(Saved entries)
-------
lemma has_cl_partial_cl_add:
  "has_cl_partial j S F F' \<Longrightarrow> has_cl_partial j S G G' \<Longrightarrow>
    has_cl_partial j S (\<lambda>X. cl_add (F X) (G X)) (\<lambda>X. cl_add (F' X) (G' X))"
  unfolding has_cl_partial_def cl_add_def by (auto intro: derivative_intros)

lemma has_cl_partial_cl_smul:
  assumes "\<And>X. X \<in> S \<Longrightarrow> ((\<lambda>t. c (X(j := t))) has_field_derivative c' X) (at (X j))"
    and "has_cl_partial j S F F'"
  shows "has_cl_partial j S (\<lambda>X. cl_smul (c X) (F X))
    (\<lambda>X. cl_add (cl_smul (c' X) (F X)) (cl_smul (c X) (F' X)))"
  unfolding has_cl_partial_def cl_add_def cl_smul_def
proof (intro ballI allI)
  fix X A assume X: "X \<in> S"
  have "((\<lambda>t. F (X(j := t)) A) has_field_derivative F' X A) (at (X j))"
    using assms(2) X unfolding has_cl_partial_def by blast
  from DERIV_mult[OF assms(1)[OF X] this]
  show "((\<lambda>t. c (X(j := t)) * F (X(j := t)) A) has_field_derivative
      c' X * F X A + c X * F' X A) (at (X j))"
    by (simp add: algebra_simps)
qed

lemma has_cl_partial_cl_smul_const:
  "has_cl_partial j S F F' \<Longrightarrow> has_cl_partial j S (\<lambda>X. cl_smul r (F X)) (\<lambda>X. cl_smul r (F' X))"
  unfolding has_cl_partial_def cl_smul_def by (auto intro!: DERIV_cmult)

lemma has_cl_partial_gen_mult:
  "has_cl_partial j S F F' \<Longrightarrow> has_cl_partial j S (\<lambda>X. gen_mult m k (F X)) (\<lambda>X. gen_mult m k (F' X))"
  unfolding has_cl_partial_def gen_mult_def by (auto intro!: DERIV_cmult)

lemma has_cl_partial_cl_sum:
  "finite J \<Longrightarrow> (\<And>i. i \<in> J \<Longrightarrow> has_cl_partial j S (F i) (F' i)) \<Longrightarrow>
    has_cl_partial j S (\<lambda>X. cl_sum (\<lambda>i. F i X) J) (\<lambda>X. cl_sum (\<lambda>i. F' i X) J)"
  unfolding has_cl_partial_def cl_sum_def by (auto intro!: DERIV_sum)

lemma cl_continuous_on_cl_add:
  "cl_continuous_on S F \<Longrightarrow> cl_continuous_on S G \<Longrightarrow> cl_continuous_on S (\<lambda>X. cl_add (F X) (G X))"
  unfolding cl_continuous_on_def cl_add_def by (auto intro: continuous_intros)

lemma cl_continuous_on_cl_smul:
  "continuous_on S c \<Longrightarrow> cl_continuous_on S F \<Longrightarrow> cl_continuous_on S (\<lambda>X. cl_smul (c X) (F X))"
  unfolding cl_continuous_on_def cl_smul_def by (auto intro: continuous_intros)

lemma cl_continuous_on_gen_mult:
  assumes "cl_continuous_on S F"
  shows "cl_continuous_on S (\<lambda>X. gen_mult m k (F X))"
  unfolding cl_continuous_on_def gen_mult_def
proof
  fix A
  show "continuous_on S (\<lambda>X. if A \<subseteq> {1..m}
      then blade_sign {k} (blade_toggle k A) * F X (blade_toggle k A) else 0)"
    using assms unfolding cl_continuous_on_def
    by (cases "A \<subseteq> {1..m}") (auto intro: continuous_intros)
qed

lemma cl_continuous_on_cl_sum:
  "(\<And>i. i \<in> J \<Longrightarrow> cl_continuous_on S (F i)) \<Longrightarrow> cl_continuous_on S (\<lambda>X. cl_sum (\<lambda>i. F i X) J)"
  unfolding cl_continuous_on_def cl_sum_def by (auto intro!: continuous_intros)

lemma coord_C1_if_has_cl_partials:
  assumes "\<And>j. j \<in> I \<Longrightarrow> has_cl_partial j S F (D j)"
    and "\<And>j. j \<in> I \<Longrightarrow> cl_continuous_on S (D j)"
  shows "coord_C1 I S (\<lambda>X. F X A)"
  unfolding coord_C1_def
proof (rule ballI, rule conjI)
  fix j assume j: "j \<in> I"
  show "\<forall>X\<in>S. (\<lambda>t. F (X(j := t)) A) field_differentiable at (X j)"
    using assms(1)[OF j] unfolding has_cl_partial_def field_differentiable_def by blast
next
  fix j assume j: "j \<in> I"
  show "continuous_on S (pd j (\<lambda>X. F X A))"
    using assms(2)[OF j] has_cl_partial_imp_pd[OF assms(1)[OF j]]
    unfolding cl_continuous_on_def by (metis (no_types, lifting) continuous_on_eq)
qed

text \<open>On the open set S the k-th iterate agrees with r^k F, so it is again monogenic and
  hyperD acts on it as d/dx_0.\<close>
lemma hyperD_power_eigenfunction:
  assumes "open S"
    and partials: "\<And>j. j \<in> {0..m} \<Longrightarrow> has_cl_partial j S F (D j)"
    and monogenic: "\<And>X. X \<in> S \<Longrightarrow> dirac m F X = cl_zero"
    and eigen: "\<And>X. X \<in> S \<Longrightarrow> D 0 X = cl_smul r (F X)"
    and "X \<in> S"
  shows "(hyperD m ^^ k) F X = cl_smul (r ^ k) (F X)"
proof -
  have "\<forall>X\<in>S. (hyperD m ^^ k) F X = cl_smul (r ^ k) (F X)"
  proof (induction k)
    case 0
    show ?case by (simp add: cl_smul_def)
  next
    case (Suc k)
    let ?G = "(hyperD m ^^ k) F"
    have "has_cl_partial j S ?G (\<lambda>X. cl_smul (r ^ k) (D j X))" if "j \<in> {0..m}" for j
      by (rule has_cl_partial_transform_open[OF assms(1) has_cl_partial_cl_smul_const[OF partials[OF that]]])
        (use Suc.IH in simp)
    then have pd_G: "cl_pd j ?G X = cl_smul (r ^ k) (cl_pd j F X)" if "X \<in> S" "j \<in> {0..m}" for X j
      using that has_cl_partial_imp_cl_pd partials by metis
    show ?case
    proof
      fix X assume X: "X \<in> S"
      have "dirac m ?G X = cl_smul (r ^ k) (dirac m F X)"
        by (rule dirac_cong_scaled) (rule pd_G[OF X])
      then have "dirac m ?G X = cl_zero"
        using monogenic[OF X] by (simp add: cl_smul_def cl_zero_def)
      then have "hyperD m ?G X = cl_smul (r ^ k) (cl_pd 0 F X)"
        by (simp add: hyperD_eq_cl_pd_zero pd_G[OF X])
      then show "(hyperD m ^^ Suc k) F X = cl_smul (r ^ Suc k) (F X)"
        using has_cl_partial_imp_cl_pd[OF partials X] eigen[OF X] by (simp add: cl_smul_def algebra_simps)
    qed
  qed
  then show ?thesis using assms(5) by blast
qed

section \<open>Functions of the coordinates x_2, ..., x_m\<close>

lemma yproj_fun_upd_in: "j \<in> {2..m} \<Longrightarrow> yproj m (X(j := t)) = (yproj m X)(j := t)"
  unfolding yproj_def by auto

lemma yproj_fun_upd_out: "j \<notin> {2..m} \<Longrightarrow> yproj m (X(j := t)) = yproj m X"
  unfolding yproj_def by auto

lemma continuous_on_yproj: "continuous_on UNIV (yproj m)"
proof (intro continuous_on_coordinatewise_then_product)
  fix i show "continuous_on UNIV (\<lambda>X. yproj m X i)"
    unfolding yproj_def by (cases "2 \<le> i \<and> i \<le> m") (auto intro: continuous_intros)
qed

lemma open_yproj_preimage: "open \<Omega> \<Longrightarrow> open {X. yproj m X \<in> \<Omega>}"
  using continuous_on_yproj[of m] by (simp add: continuous_on_open_vimage vimage_def)

lemma cl_continuous_on_comp_yproj:
  assumes "\<And>A. continuous_on \<Omega> (\<lambda>Y. K Y A)"
  shows "cl_continuous_on {X. yproj m X \<in> \<Omega>} (\<lambda>X. K (yproj m X))"
  unfolding cl_continuous_on_def
  by (intro allI continuous_on_compose2[OF assms continuous_on_subset[OF continuous_on_yproj]]) auto

lemma has_cl_partial_comp_yproj_in:
  assumes "j \<in> {2..m}"
    and "\<And>A Y. Y \<in> \<Omega> \<Longrightarrow> (\<lambda>t. K (Y(j := t)) A) field_differentiable (at (Y j))"
  shows "has_cl_partial j {X. yproj m X \<in> \<Omega>} (\<lambda>X. K (yproj m X)) (\<lambda>X. cl_pd j K (yproj m X))"
  unfolding has_cl_partial_def
proof (intro ballI allI)
  fix X A assume "X \<in> {X. yproj m X \<in> \<Omega>}"
  then have "(\<lambda>t. K ((yproj m X)(j := t)) A) field_differentiable (at (yproj m X j))"
    using assms(2) by simp
  then have "((\<lambda>t. K ((yproj m X)(j := t)) A) has_field_derivative cl_pd j K (yproj m X) A)
      (at (yproj m X j))"
    using pd_has_field_derivative by (simp add: cl_pd_def)
  then show "((\<lambda>t. K (yproj m (X(j := t))) A) has_field_derivative cl_pd j K (yproj m X) A) (at (X j))"
    using assms(1) by (simp add: yproj_fun_upd_in yproj_def[of m X])
qed

lemma has_cl_partial_comp_yproj_out:
  "j \<notin> {2..m} \<Longrightarrow> has_cl_partial j S (\<lambda>X. K (yproj m X)) (\<lambda>X. cl_zero)"
  unfolding has_cl_partial_def cl_zero_def by (simp add: yproj_fun_upd_out)

lemma fun_upd_increment_bound:
  fixes g :: "point \<Rightarrow> real"
  assumes diff: "\<And>t. t \<in> ball (Z i) r \<Longrightarrow> (\<lambda>u. g (Z(i := u))) field_differentiable (at t)"
    and bound: "\<And>t. t \<in> ball (Z i) r \<Longrightarrow> \<bar>pd i g (Z(i := t))\<bar> \<le> M"
    and t: "t \<in> ball (Z i) r"
  shows "\<bar>g (Z(i := t)) - g Z\<bar> \<le> M * \<bar>t - Z i\<bar>"
proof -
  have deriv: "((\<lambda>u. g (Z(i := u))) has_field_derivative pd i g (Z(i := s))) (at s within ball (Z i) r)"
    if "s \<in> ball (Z i) r" for s
    using diff[OF that] unfolding pd_def
    by (simp add: DERIV_deriv_iff_field_differentiable has_field_derivative_at_within)
  have "norm (g (Z(i := t)) - g (Z(i := Z i))) \<le> M * norm (t - Z i)"
  proof (rule field_differentiable_bound[OF convex_ball deriv])
    show "Z i \<in> ball (Z i) r" using t by (metis centre_in_ball le_less_trans mem_ball zero_le_dist)
  qed (use bound t in auto)
  then show ?thesis by simp
qed

lemma yproj_increment_bound:
  fixes g :: "point \<Rightarrow> real"
  assumes "d > 0"
    and box: "\<And>Y. (\<forall>i. \<bar>Y i - yproj m X0 i\<bar> < d) \<Longrightarrow> Y \<in> W"
    and diff: "\<And>j Y. j \<in> {2..m} \<Longrightarrow> Y \<in> W \<Longrightarrow> (\<lambda>t. g (Y(j := t))) field_differentiable (at (Y j))"
    and bound: "\<And>j Y. j \<in> {2..m} \<Longrightarrow> Y \<in> W \<Longrightarrow> \<bar>pd j g Y\<bar> \<le> M"
    and close: "\<forall>i\<in>{2..m}. \<bar>X i - X0 i\<bar> < d"
  shows "\<bar>g (yproj m X) - g (yproj m X0)\<bar> \<le> M * (\<Sum>i=2..m. \<bar>X i - X0 i\<bar>)"
proof -
  define y0 where "y0 = yproj m X0"
  define z where "z J = (\<lambda>i. if i \<in> J then X i else y0 i)" for J
  have telescope: "\<bar>g (z J) - g y0\<bar> \<le> M * (\<Sum>i\<in>J. \<bar>X i - X0 i\<bar>)"
    if "finite J" "J \<subseteq> {2..m}" for J
    using that
  proof (induction J rule: finite_induct)
    case empty
    show ?case by (simp add: z_def)
  next
    case (insert a J)
    then have a: "a \<in> {2..m}" and J: "J \<subseteq> {2..m}" by auto
    have y0a: "y0 a = X0 a" using a by (simp add: y0_def yproj_def)
    have in_W: "(z J)(a := t) \<in> W" if "t \<in> ball (z J a) d" for t
    proof (rule box, intro allI)
      fix i
      show "\<bar>((z J)(a := t)) i - yproj m X0 i\<bar> < d"
        using that close a J insert(2) \<open>d > 0\<close>
        by (cases "i = a") (auto simp: z_def y0_def yproj_def dist_real_def abs_minus_commute)
    qed
    have "\<bar>g ((z J)(a := X a)) - g (z J)\<bar> \<le> M * \<bar>X a - z J a\<bar>"
    proof (rule fun_upd_increment_bound)
      fix t assume "t \<in> ball (z J a) d"
      then show "(\<lambda>u. g ((z J)(a := u))) field_differentiable at t" "\<bar>pd a g ((z J)(a := t))\<bar> \<le> M"
        using diff[OF a in_W] bound[OF a in_W] by simp_all
    next
      show "X a \<in> ball (z J a) d"
        using close a insert(2) y0a by (simp add: z_def dist_real_def abs_minus_commute)
    qed
    moreover have "(z J)(a := X a) = z (insert a J)" "z J a = X0 a"
      using insert(2) y0a by (auto simp: z_def)
    ultimately show ?case
      using insert J by (simp add: algebra_simps)
  qed
  have "z {2..m} = yproj m X"
    by (auto simp: z_def y0_def yproj_def)
  then show ?thesis
    using telescope[of "{2..m}"] by (simp add: y0_def)
qed

lemma tendsto_coordinate: "((\<lambda>X::point. X i) \<longlongrightarrow> X0 i) (at X0)"
proof -
  have "isCont (\<lambda>X::point. X i) X0"
    using continuous_on_coordinate[of UNIV i] continuous_on_eq_continuous_at[OF open_UNIV] by blast
  then show ?thesis by (simp add: isCont_def)
qed

lemma eventually_coordinates_close:
  assumes "d > 0" "finite I"
  shows "eventually (\<lambda>X::point. \<forall>i\<in>I. \<bar>X i - X0 i\<bar> < d) (at X0)"
proof (rule eventually_ball_finite[OF assms(2)], intro ballI)
  fix i
  from tendstoD[OF tendsto_coordinate assms(1)] show "eventually (\<lambda>X. \<bar>X i - X0 i\<bar> < d) (at X0)"
    by (simp add: dist_real_def)
qed

lemma continuous_on_finite_family_locally_bounded:
  fixes h :: "'i \<Rightarrow> 'a::topological_space \<Rightarrow> real"
  assumes "open \<Omega>" "y0 \<in> \<Omega>" "finite J" "\<And>j. j \<in> J \<Longrightarrow> continuous_on \<Omega> (h j)"
  obtains W M where "open W" "y0 \<in> W" "W \<subseteq> \<Omega>" "\<And>j Y. j \<in> J \<Longrightarrow> Y \<in> W \<Longrightarrow> \<bar>h j Y\<bar> \<le> M"
proof
  let ?W = "\<Omega> \<inter> (\<Inter>j\<in>J. h j -` ball (h j y0) 1 \<inter> \<Omega>)"
  show "open ?W"
    using assms by (intro open_Int open_INT) (auto simp: continuous_on_open_vimage)
  show "y0 \<in> ?W" "?W \<subseteq> \<Omega>" using assms(2) by auto
  fix j Y assume "j \<in> J" "Y \<in> ?W"
  then have "h j Y \<in> ball (h j y0) 1" by blast
  then have "\<bar>h j Y - h j y0\<bar> < 1" by (simp add: dist_real_def abs_minus_commute)
  moreover have "\<bar>h j y0\<bar> \<le> (\<Sum>j\<in>J. \<bar>h j y0\<bar>)"
    using assms(3) \<open>j \<in> J\<close> by (intro member_le_sum) auto
  ultimately show "\<bar>h j Y\<bar> \<le> 1 + (\<Sum>j\<in>J. \<bar>h j y0\<bar>)" by linarith
qed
-------
Every line above with the string "define" in it needs to be copied.

  define y0 where "y0 = yproj m X0"
  define z where "z J = (\<lambda>i. if i \<in> J then X i else y0 i)" for J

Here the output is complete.